===== Exercise inputs =====

(* Let $d \ge 1$ and $p>1$. Let $\mu$ be the measure on $\mathbb{R}^d$ with density $\exp(-|x|_1)$, and also denote by $\mu$ its restriction to $\mathbb{R}^d_+=(0,\infty)^d$. Then $M_{\mu}^{\mathcal{B}}$ is bounded on $L^p(\mathbb{R}^d,d\mu)$ if and only if $M_{\mu}^{\mathcal{B}_+}$ is bounded on $L^p(\mathbb{R}^d_+,d\mu)$; and $M_{\mu}^{\mathcal{B}}$ is of weak type $(1,1)$ with respect to $(\mathbb{R}^d,d\mu)$ if and only if $M_{\mu}^{\mathcal{B}_+}$ is of weak type $(1,1)$ with respect to $(\mathbb{R}^d_+,d\mu)$. The same two equivalences hold between $M_{\mu}^{\mathcal{Q}}$ and $M_{\mu}^{\mathcal{Q}_+}$, and between $M_{\mu}^{\mathcal{D}}$ and $M_{\mu}^{\mathcal{D}_+}$.
   Context: $|x|_q$ denotes the $\ell^q$ norm on $\mathbb{R}^d$. For a metric $\rho$ and measure $\eta$, the non-centered maximal operator is $M_\eta f(x)=\sup \frac{1}{\eta(B)}\int_B|f|\,d\eta$ over open $\rho$-balls $B\ni x$ with $\eta(B)>0$. $M_{\mu}^{\mathcal{B}}, M_{\mu}^{\mathcal{Q}}, M_{\mu}^{\mathcal{D}}$ are these operators on $\mathbb{R}^d$ with the $\ell^2$, $\ell^\infty$, $\ell^1$ metrics respectively. $M_{\mu}^{\mathcal{B}_+}f(x)=\sup \frac{1}{\mu(B)}\int_B|f|\,d\mu$, $x\in\mathbb{R}^d_+$, where the supremum is over sets $B=\{y\in\mathbb{R}^d_+:|y-m|_2<r\}$ with $m\in\mathbb{R}^d_+$, $r>0$, containing $x$ (the open balls of the metric space $(\mathbb{R}^d_+,\rho_2)$); $M_{\mu}^{\mathcal{Q}_+}$ and $M_{\mu}^{\mathcal{D}_+}$ are defined analogously with $|\cdot|_\infty$ and $|\cdot|_1$ in place of $|\cdot|_2$. *)

theory Defs
  imports "HOL-Analysis.Analysis"
begin

definition l1norm :: "real ^ 'n \<Rightarrow> real" where
  "l1norm x = (\<Sum>i\<in>UNIV. \<bar>x $ i\<bar>)"

definition linfnorm :: "real ^ 'n \<Rightarrow> real" where
  "linfnorm x = (MAX i\<in>UNIV. \<bar>x $ i\<bar>)"

definition rho2 :: "real ^ 'n \<Rightarrow> real ^ 'n \<Rightarrow> real" where
  "rho2 x y = norm (x - y)"

definition rhoinf :: "real ^ 'n \<Rightarrow> real ^ 'n \<Rightarrow> real" where
  "rhoinf x y = linfnorm (x - y)"

definition rho1 :: "real ^ 'n \<Rightarrow> real ^ 'n \<Rightarrow> real" where
  "rho1 x y = l1norm (x - y)"

definition orthant :: "(real ^ 'n) set" where
  "orthant = {x. \<forall>i. 0 < x $ i}"

definition mu :: "(real ^ 'n) measure" where
  "mu = density lborel (\<lambda>x. ennreal (exp (- l1norm x)))"

definition mu_plus :: "(real ^ 'n) measure" where
  "mu_plus = restrict_space mu orthant"

definition rho_balls :: "('a \<Rightarrow> 'a \<Rightarrow> real) \<Rightarrow> 'a measure \<Rightarrow> 'a set set" where
  "rho_balls \<rho> M = {B. \<exists>m\<in>space M. \<exists>r>0. B = {y\<in>space M. \<rho> y m < r}}"

definition maxop :: "('a \<Rightarrow> 'a \<Rightarrow> real) \<Rightarrow> 'a measure \<Rightarrow> ('a \<Rightarrow> real) \<Rightarrow> 'a \<Rightarrow> ennreal" where
  "maxop \<rho> M f x =
     (SUP B \<in> {B \<in> rho_balls \<rho> M. x \<in> B \<and> 0 < emeasure M B}.
        (\<integral>\<^sup>+ y \<in> B. ennreal \<bar>f y\<bar> \<partial>M) / emeasure M B)"

definition enn_powr :: "ennreal \<Rightarrow> real \<Rightarrow> ennreal" where
  "enn_powr t p = (if t = \<infinity> then \<infinity> else ennreal (enn2real t powr p))"

definition in_Lp :: "'a measure \<Rightarrow> real \<Rightarrow> ('a \<Rightarrow> real) \<Rightarrow> bool" where
  "in_Lp M p f \<longleftrightarrow> f \<in> borel_measurable M \<and> (\<integral>\<^sup>+ x. ennreal (\<bar>f x\<bar> powr p) \<partial>M) < \<infinity>"

(* maximal operator bounded on L^p(M):  ||Mf||_p <= C ||f||_p  (stated with p-th powers) *)
definition Lp_bounded :: "('a \<Rightarrow> 'a \<Rightarrow> real) \<Rightarrow> 'a measure \<Rightarrow> real \<Rightarrow> bool" where
  "Lp_bounded \<rho> M p \<longleftrightarrow>
     (\<exists>C::real. \<forall>f. in_Lp M p f \<longrightarrow>
        (\<integral>\<^sup>+ x. enn_powr (maxop \<rho> M f x) p \<partial>M)
          \<le> ennreal C * (\<integral>\<^sup>+ x. ennreal (\<bar>f x\<bar> powr p) \<partial>M))"

definition weak11 :: "('a \<Rightarrow> 'a \<Rightarrow> real) \<Rightarrow> 'a measure \<Rightarrow> bool" where
  "weak11 \<rho> M \<longleftrightarrow>
     (\<exists>C::real. \<forall>f. in_Lp M 1 f \<longrightarrow> (\<forall>t::real. t > 0 \<longrightarrow>
        emeasure M {x \<in> space M. ennreal t < maxop \<rho> M f x}
          \<le> ennreal (C / t) * (\<integral>\<^sup>+ x. ennreal \<bar>f x\<bar> \<partial>M)))"

end

theory Submission
  imports Defs
begin

text \<open>
  The three metrics come from norms \<open>N\<close> that depend monotonically on \<open>\<bar>x\<bar>\<close>, and \<open>mu\<close> is
  invariant under the \<open>2^d\<close> coordinate reflections, which permute the orthants.

  Restriction: a ball of \<open>R^d_+\<close> centred at \<open>m \<in> R^d_+\<close> is the trace of the ball \<open>B(m, r)\<close>
  of \<open>R^d\<close>, and \<open>\<bar>\<bar>y\<bar> - m\<bar> \<le> \<bar>y - m\<bar>\<close> componentwise, so the reflections fold
  \<open>B(m, r)\<close> into its trace: the trace carries at least \<open>2^-d\<close> of the mass of \<open>B(m, r)\<close>.
  Hence \<open>M_+ g \<le> 2^d M g'\<close> on \<open>R^d_+\<close>, where \<open>g'\<close> is \<open>g\<close> extended by zero.

  Extension: for the same reason the map \<open>x \<mapsto> \<bar>x\<bar>\<close> sends \<open>B(m, r)\<close> into the trace of
  \<open>B(\<bar>m\<bar>, r)\<close>, whose mass is at most that of \<open>B(m, r)\<close> (reflect it back), so
  \<open>M f(x) \<le> \<Sum>\<^sub>S M_+ (f \<circ> \<sigma>\<^sub>S)(\<bar>x\<bar>)\<close> off the coordinate hyperplanes. As \<open>\<bar>m\<bar>\<close> may lie on the
  boundary of \<open>R^d_+\<close>, the trace of \<open>B(\<bar>m\<bar>, r)\<close> is exhausted by admissible balls whose
  centres are pushed into the interior.

  Both pointwise bounds transfer \<open>L^p\<close> and weak \<open>(1,1)\<close> bounds, because \<open>x \<mapsto> \<bar>x\<bar>\<close> maps
  \<open>mu\<close> onto \<open>2^d mu_plus\<close>.
\<close>

section \<open>Coordinate reflections and the orthant\<close>

definition reflect :: "'n::finite set \<Rightarrow> real^'n \<Rightarrow> real^'n" where
  "reflect S x = (\<chi> i. if i \<in> S then - x$i else x$i)"

lemma reflect_nth [simp]: "reflect S x $ i = (if i \<in> S then - x$i else x$i)"
  by (simp add: reflect_def)

lemma abs_vec_nth [simp]: "\<bar>x\<bar> $ i = \<bar>x $ i\<bar>" for x :: "real^'n"
  by (simp add: abs_vec_def)

lemma reflect_reflect [simp]: "reflect S (reflect S x) = x"
  by (simp add: vec_eq_iff)

lemma reflect_diff: "reflect S (x - y) = reflect S x - reflect S y"
  by (simp add: vec_eq_iff)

=====

- Assignment
Copy, exactly and only, the lines above that begin with the one containing "space M. ennreal" and finish with the one containing "Restriction: a ball".

- Finished exercise
        emeasure M {x \<in> space M. ennreal t < maxop \<rho> M f x}
          \<le> ennreal (C / t) * (\<integral>\<^sup>+ x. ennreal \<bar>f x\<bar> \<partial>M)))"

end

theory Submission
  imports Defs
begin

text \<open>
  The three metrics come from norms \<open>N\<close> that depend monotonically on \<open>\<bar>x\<bar>\<close>, and \<open>mu\<close> is
  invariant under the \<open>2^d\<close> coordinate reflections, which permute the orthants.

  Restriction: a ball of \<open>R^d_+\<close> centred at \<open>m \<in> R^d_+\<close> is the trace of the ball \<open>B(m, r)\<close>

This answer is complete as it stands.